:: Items from a dataset ::
═══

definition ksaturated :: "('f,'r,'a) struc \<Rightarrow> 'a set \<Rightarrow> 'k rel \<Rightarrow> bool" where
  "ksaturated C N \<kappa> \<longleftrightarrow>
     (\<forall>A. A \<subseteq> N \<and> card_lt A \<kappa> \<longrightarrow> (\<forall>c\<in>dom C. \<exists>a\<in>N. tp C A [a] = tp C A [c]))"

definition NIP :: "('f,'r,'a) struc \<Rightarrow> bool" where
  "NIP C \<longleftrightarrow> \<not> (\<exists>\<phi> n k (a :: nat \<Rightarrow> 'a list) (b :: nat set \<Rightarrow> 'a list) w.
       wf C \<phi> \<and> fv \<phi> \<subseteq> {..<n + k} \<and> (\<forall>i. w i \<in> dom C) \<and>
       (\<forall>i. length (a i) = n \<and> set (a i) \<subseteq> dom C) \<and>
       (\<forall>I. length (b I) = k \<and> set (b I) \<subseteq> dom C) \<and>
       (\<forall>i I. sat C (asg (a i @ b I) w) \<phi> \<longleftrightarrow> i \<in> I))"

end

theory Submission
  imports Defs
begin

text \<open>Let q = tp(a0/N) and call b in M^k bad for a formula psi of q if some realization a of psi
  disagrees with a0 on phi(x, b). If every psi in q had bad tuples, these sets of bad tuples would
  form a filter base on M^k, since q is closed under conjunction. A limit d of this filter base,
  realized by compactness (which saturation of C over N provides), has a type over N that is
  finitely satisfiable in M, hence does not split over M; so q is weakly orthogonal to tp(d/N).
  Weak orthogonality and compactness then yield psi in q and chi in tp(d/N) such that phi(a, e)
  takes the same value for all realizations a of psi and e of chi. A bad tuple e of psi satisfying
  chi contradicts this.\<close>

section \<open>Renaming variables\<close>

fun rent :: "(nat \<Rightarrow> nat) \<Rightarrow> 'f trm \<Rightarrow> 'f trm" where
  "rent s (Var i) = Var (s i)"
| "rent s (Fn f ts) = Fn f (map (rent s) ts)"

═══

:: EXERCISE DETAILS ::
What lines above hold the word "over"? Pull each one out.

:: RESPONSE AREA ::
  realized by compactness (which saturation of C over N provides), has a type over N that is
  finitely satisfiable in M, hence does not split over M; so q is weakly orthogonal to tp(d/N).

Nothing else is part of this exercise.